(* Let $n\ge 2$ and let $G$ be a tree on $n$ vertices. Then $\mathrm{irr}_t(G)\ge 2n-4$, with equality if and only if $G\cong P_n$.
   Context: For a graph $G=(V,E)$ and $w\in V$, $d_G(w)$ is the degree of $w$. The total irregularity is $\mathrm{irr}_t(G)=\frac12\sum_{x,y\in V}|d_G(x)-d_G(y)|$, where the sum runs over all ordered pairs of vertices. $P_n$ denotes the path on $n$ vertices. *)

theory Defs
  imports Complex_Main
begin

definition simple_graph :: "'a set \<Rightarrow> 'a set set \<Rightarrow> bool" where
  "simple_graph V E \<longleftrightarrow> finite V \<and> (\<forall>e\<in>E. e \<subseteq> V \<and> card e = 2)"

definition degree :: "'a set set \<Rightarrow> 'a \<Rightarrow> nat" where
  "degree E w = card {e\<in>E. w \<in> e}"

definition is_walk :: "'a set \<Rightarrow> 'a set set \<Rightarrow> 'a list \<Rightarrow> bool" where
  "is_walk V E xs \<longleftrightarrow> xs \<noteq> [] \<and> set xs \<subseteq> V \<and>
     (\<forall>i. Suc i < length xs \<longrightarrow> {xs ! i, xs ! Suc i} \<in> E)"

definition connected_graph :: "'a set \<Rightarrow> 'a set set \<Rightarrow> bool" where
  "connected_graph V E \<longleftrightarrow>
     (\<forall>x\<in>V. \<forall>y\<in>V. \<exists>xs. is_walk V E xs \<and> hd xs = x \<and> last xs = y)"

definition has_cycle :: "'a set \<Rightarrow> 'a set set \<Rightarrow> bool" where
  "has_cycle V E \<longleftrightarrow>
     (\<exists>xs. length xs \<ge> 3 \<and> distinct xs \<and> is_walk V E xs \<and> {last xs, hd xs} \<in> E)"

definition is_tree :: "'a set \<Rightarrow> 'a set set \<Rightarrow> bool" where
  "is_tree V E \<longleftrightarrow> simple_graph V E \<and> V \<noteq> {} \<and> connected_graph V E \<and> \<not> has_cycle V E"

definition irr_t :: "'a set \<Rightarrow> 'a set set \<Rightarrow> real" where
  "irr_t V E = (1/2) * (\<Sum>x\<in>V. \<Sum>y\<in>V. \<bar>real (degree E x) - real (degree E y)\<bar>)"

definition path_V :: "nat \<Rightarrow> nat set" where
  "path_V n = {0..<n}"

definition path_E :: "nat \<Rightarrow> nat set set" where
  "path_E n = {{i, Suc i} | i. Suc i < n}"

================

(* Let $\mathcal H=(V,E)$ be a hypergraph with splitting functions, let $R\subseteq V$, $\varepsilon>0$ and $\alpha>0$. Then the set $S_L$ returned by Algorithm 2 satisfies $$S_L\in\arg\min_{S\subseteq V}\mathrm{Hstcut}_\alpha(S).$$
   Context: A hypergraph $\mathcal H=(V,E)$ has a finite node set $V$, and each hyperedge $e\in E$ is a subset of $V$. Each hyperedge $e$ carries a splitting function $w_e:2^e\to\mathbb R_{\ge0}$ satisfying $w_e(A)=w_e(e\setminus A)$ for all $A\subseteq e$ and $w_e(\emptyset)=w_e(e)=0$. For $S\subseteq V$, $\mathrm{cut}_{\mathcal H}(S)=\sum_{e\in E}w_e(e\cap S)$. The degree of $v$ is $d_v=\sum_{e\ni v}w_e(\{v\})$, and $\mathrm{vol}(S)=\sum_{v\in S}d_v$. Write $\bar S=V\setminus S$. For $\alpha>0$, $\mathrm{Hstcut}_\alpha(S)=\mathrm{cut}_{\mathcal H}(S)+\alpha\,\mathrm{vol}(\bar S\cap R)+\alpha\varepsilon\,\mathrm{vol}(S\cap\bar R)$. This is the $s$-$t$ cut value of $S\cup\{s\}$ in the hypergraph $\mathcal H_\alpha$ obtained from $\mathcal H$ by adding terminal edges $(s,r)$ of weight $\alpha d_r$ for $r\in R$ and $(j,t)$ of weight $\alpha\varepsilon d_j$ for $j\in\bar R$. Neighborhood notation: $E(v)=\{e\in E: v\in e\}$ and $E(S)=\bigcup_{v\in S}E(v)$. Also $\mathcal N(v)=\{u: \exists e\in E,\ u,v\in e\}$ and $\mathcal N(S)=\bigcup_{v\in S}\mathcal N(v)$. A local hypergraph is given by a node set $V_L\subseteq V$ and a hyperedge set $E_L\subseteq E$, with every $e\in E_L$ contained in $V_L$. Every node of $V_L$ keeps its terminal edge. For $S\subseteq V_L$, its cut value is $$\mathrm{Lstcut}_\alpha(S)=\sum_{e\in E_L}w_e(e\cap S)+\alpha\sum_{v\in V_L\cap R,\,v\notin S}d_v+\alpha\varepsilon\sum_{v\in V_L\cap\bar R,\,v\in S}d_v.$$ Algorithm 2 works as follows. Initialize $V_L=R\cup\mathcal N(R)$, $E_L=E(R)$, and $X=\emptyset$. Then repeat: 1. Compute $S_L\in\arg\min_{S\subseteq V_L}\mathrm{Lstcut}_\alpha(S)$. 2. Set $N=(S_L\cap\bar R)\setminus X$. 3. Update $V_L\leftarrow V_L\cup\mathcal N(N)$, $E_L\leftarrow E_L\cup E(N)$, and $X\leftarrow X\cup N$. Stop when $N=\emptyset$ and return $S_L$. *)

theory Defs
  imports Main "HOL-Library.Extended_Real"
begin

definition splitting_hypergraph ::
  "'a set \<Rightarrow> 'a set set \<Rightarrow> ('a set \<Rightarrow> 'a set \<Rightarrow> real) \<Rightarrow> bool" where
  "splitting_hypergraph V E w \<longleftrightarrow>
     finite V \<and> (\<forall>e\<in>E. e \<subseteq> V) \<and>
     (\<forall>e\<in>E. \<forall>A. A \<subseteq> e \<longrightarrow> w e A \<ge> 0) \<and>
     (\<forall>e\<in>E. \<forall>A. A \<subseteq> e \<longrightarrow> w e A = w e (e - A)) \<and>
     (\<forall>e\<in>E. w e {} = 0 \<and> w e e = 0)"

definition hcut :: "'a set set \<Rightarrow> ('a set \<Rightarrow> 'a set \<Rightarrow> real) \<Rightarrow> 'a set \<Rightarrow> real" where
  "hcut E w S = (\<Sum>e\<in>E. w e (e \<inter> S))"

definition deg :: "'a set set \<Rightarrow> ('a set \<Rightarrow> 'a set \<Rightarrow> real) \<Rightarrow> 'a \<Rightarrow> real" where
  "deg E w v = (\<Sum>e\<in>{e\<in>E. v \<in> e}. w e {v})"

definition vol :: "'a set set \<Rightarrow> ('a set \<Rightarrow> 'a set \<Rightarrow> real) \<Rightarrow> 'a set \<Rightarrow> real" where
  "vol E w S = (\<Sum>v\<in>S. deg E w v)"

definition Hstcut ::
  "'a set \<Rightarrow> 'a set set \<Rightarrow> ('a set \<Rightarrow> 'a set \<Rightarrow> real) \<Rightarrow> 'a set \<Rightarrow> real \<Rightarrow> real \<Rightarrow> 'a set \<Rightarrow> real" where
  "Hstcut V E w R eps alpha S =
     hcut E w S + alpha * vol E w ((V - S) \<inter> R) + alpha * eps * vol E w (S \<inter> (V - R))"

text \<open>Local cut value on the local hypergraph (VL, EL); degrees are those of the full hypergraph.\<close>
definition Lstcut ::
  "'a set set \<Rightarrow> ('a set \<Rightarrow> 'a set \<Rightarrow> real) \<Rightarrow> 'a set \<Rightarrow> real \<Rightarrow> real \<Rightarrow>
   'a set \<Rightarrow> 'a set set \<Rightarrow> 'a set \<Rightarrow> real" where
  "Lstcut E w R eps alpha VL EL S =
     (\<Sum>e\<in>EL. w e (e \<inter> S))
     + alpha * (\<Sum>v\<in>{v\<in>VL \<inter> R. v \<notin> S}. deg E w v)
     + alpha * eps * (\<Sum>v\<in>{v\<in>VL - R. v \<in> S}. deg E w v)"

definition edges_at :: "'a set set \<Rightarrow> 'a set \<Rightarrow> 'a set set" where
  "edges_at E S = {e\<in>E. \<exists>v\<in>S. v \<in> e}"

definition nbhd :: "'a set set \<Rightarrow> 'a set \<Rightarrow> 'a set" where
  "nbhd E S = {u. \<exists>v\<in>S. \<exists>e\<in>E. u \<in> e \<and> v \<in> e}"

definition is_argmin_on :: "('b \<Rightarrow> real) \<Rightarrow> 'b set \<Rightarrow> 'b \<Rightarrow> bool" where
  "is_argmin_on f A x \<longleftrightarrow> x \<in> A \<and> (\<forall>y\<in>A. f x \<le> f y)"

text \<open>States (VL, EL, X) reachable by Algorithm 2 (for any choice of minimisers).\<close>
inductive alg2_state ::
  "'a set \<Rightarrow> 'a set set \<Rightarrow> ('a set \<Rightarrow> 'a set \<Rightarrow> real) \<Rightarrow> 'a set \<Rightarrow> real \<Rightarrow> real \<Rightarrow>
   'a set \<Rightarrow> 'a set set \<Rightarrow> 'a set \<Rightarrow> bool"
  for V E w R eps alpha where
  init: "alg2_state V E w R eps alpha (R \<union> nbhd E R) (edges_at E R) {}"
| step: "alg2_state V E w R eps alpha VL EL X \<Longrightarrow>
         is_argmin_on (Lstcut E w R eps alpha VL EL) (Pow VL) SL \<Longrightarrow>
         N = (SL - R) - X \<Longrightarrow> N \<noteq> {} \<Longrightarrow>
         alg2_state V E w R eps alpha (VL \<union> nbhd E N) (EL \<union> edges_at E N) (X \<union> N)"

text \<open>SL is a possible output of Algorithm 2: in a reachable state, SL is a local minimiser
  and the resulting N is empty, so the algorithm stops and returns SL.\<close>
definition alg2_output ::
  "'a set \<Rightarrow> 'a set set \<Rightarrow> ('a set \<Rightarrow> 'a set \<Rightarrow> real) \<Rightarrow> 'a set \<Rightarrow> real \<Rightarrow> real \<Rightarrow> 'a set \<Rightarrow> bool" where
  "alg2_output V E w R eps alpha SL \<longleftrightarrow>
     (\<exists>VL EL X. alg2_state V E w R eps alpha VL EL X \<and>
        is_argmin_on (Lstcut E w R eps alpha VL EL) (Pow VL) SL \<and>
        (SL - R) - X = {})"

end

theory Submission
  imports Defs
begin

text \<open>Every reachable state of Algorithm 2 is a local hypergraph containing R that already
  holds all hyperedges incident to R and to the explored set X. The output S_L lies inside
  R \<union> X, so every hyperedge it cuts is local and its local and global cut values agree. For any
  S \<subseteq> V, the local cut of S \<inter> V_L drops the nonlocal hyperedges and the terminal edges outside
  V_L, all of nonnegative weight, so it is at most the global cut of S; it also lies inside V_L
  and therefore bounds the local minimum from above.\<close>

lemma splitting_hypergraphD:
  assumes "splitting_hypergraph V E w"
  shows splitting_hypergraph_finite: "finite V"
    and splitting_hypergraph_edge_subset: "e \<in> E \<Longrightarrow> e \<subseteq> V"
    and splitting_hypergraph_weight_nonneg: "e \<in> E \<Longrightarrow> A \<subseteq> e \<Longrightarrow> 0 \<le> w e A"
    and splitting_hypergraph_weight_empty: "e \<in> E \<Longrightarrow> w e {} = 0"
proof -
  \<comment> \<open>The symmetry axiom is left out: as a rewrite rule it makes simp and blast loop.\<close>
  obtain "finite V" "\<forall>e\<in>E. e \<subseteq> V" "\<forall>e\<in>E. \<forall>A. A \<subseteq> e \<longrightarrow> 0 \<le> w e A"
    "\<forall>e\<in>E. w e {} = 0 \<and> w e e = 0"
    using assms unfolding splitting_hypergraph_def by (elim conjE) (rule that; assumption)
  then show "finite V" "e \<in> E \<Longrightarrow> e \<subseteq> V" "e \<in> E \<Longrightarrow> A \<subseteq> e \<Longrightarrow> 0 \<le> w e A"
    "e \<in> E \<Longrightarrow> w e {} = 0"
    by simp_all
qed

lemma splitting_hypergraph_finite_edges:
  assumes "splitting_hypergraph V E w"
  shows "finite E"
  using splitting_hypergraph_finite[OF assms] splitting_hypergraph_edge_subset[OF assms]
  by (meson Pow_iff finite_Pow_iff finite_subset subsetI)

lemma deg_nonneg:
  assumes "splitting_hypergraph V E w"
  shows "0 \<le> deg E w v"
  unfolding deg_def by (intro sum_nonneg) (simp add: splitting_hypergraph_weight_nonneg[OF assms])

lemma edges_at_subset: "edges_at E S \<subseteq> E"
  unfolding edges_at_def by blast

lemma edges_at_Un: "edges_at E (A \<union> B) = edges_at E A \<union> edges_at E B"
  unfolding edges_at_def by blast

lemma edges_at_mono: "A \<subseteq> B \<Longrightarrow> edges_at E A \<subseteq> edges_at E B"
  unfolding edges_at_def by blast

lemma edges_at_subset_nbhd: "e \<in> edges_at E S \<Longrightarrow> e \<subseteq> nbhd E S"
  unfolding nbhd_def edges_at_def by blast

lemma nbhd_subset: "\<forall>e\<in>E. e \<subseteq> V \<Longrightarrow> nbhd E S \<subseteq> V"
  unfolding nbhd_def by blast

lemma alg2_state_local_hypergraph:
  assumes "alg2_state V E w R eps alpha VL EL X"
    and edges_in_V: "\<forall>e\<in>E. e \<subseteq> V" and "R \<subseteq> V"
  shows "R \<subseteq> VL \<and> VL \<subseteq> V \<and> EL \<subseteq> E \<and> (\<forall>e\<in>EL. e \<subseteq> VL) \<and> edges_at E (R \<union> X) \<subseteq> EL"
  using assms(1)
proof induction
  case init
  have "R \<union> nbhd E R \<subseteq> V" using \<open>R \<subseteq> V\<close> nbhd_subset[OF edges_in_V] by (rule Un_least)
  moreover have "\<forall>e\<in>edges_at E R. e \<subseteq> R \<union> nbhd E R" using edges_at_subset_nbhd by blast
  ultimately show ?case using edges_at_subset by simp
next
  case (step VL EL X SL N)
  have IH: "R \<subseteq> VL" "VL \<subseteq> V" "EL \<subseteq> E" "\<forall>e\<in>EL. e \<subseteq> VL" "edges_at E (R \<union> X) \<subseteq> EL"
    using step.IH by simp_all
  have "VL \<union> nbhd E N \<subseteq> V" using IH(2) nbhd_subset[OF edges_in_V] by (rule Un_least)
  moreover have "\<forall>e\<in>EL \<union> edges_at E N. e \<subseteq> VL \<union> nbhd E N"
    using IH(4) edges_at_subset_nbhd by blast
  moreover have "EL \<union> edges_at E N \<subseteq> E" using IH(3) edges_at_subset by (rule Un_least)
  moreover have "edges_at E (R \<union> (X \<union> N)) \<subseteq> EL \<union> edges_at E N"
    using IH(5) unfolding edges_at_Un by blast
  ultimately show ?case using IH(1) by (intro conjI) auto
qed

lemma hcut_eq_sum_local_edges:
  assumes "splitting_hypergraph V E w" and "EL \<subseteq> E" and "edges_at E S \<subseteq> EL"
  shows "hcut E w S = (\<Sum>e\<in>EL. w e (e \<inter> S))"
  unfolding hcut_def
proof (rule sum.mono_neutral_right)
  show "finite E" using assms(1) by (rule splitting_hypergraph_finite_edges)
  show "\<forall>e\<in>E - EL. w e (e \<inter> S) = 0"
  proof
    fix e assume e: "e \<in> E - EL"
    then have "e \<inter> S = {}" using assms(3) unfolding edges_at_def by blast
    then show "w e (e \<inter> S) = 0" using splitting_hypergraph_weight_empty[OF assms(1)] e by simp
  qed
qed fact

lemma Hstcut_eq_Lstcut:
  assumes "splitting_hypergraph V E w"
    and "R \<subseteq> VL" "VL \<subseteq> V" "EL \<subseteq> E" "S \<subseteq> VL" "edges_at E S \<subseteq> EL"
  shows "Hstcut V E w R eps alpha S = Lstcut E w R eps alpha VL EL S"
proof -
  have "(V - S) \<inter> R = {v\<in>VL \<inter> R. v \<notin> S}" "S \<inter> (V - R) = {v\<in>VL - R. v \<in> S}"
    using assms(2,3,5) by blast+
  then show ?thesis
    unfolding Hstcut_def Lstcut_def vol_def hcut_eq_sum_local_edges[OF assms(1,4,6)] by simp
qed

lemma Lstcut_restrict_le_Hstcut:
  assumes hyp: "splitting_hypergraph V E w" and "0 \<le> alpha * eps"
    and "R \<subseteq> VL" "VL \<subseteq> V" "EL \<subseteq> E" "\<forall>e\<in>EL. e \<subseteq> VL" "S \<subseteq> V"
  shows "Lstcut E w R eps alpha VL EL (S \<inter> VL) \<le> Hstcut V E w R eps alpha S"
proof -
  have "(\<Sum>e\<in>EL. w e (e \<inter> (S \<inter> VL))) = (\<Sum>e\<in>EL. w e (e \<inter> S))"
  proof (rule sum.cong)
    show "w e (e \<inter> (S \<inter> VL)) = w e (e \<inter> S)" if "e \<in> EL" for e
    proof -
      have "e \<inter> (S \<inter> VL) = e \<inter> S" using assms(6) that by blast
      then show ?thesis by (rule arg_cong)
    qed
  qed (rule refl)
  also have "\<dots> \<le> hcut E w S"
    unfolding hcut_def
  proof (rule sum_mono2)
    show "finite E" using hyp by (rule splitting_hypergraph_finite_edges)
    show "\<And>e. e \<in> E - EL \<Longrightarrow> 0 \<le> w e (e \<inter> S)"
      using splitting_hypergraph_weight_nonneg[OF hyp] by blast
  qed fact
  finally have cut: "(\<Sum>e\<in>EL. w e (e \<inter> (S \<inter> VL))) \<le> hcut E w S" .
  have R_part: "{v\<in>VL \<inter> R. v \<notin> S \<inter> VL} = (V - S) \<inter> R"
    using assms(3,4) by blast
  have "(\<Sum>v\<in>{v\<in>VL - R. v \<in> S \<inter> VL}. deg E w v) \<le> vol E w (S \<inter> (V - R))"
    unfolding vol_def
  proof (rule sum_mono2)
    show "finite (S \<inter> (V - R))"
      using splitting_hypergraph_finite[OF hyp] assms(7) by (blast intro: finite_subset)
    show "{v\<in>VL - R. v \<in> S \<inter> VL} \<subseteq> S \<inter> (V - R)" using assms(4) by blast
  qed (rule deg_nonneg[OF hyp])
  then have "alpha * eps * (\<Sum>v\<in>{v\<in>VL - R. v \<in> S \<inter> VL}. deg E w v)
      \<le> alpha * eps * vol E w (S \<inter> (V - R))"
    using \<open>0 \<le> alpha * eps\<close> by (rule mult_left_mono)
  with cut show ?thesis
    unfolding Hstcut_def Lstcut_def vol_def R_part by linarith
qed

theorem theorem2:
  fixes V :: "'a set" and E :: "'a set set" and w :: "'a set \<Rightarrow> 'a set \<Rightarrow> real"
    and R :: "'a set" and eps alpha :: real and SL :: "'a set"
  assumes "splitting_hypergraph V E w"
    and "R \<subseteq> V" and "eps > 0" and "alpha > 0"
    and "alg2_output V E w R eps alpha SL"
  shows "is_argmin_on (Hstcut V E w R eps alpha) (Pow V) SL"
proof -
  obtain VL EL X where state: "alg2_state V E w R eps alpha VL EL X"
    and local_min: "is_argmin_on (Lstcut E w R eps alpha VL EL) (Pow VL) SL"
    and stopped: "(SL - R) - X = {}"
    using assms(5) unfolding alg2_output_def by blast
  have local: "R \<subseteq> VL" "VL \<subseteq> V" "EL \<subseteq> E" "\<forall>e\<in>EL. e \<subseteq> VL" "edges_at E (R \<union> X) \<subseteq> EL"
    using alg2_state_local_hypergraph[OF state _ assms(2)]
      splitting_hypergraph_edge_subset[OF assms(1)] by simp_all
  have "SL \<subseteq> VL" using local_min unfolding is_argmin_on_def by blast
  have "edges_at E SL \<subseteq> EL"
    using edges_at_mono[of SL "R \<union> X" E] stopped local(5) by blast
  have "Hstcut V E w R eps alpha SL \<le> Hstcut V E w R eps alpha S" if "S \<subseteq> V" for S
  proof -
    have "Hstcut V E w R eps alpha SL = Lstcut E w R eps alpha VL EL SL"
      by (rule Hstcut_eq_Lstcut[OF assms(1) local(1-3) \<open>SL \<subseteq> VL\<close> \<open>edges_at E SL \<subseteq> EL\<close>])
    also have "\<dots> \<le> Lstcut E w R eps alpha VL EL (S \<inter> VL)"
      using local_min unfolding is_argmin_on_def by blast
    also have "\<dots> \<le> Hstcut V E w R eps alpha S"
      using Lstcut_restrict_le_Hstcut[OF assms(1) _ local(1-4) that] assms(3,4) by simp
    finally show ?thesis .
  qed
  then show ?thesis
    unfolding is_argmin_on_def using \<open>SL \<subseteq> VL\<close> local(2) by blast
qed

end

================

■ **To do**:
Gather every line from the listing above in which the word "step" appears.

■ **Result of this exercise**:
| step: "alg2_state V E w R eps alpha VL EL X \<Longrightarrow>
  case (step VL EL X SL N)
    using step.IH by simp_all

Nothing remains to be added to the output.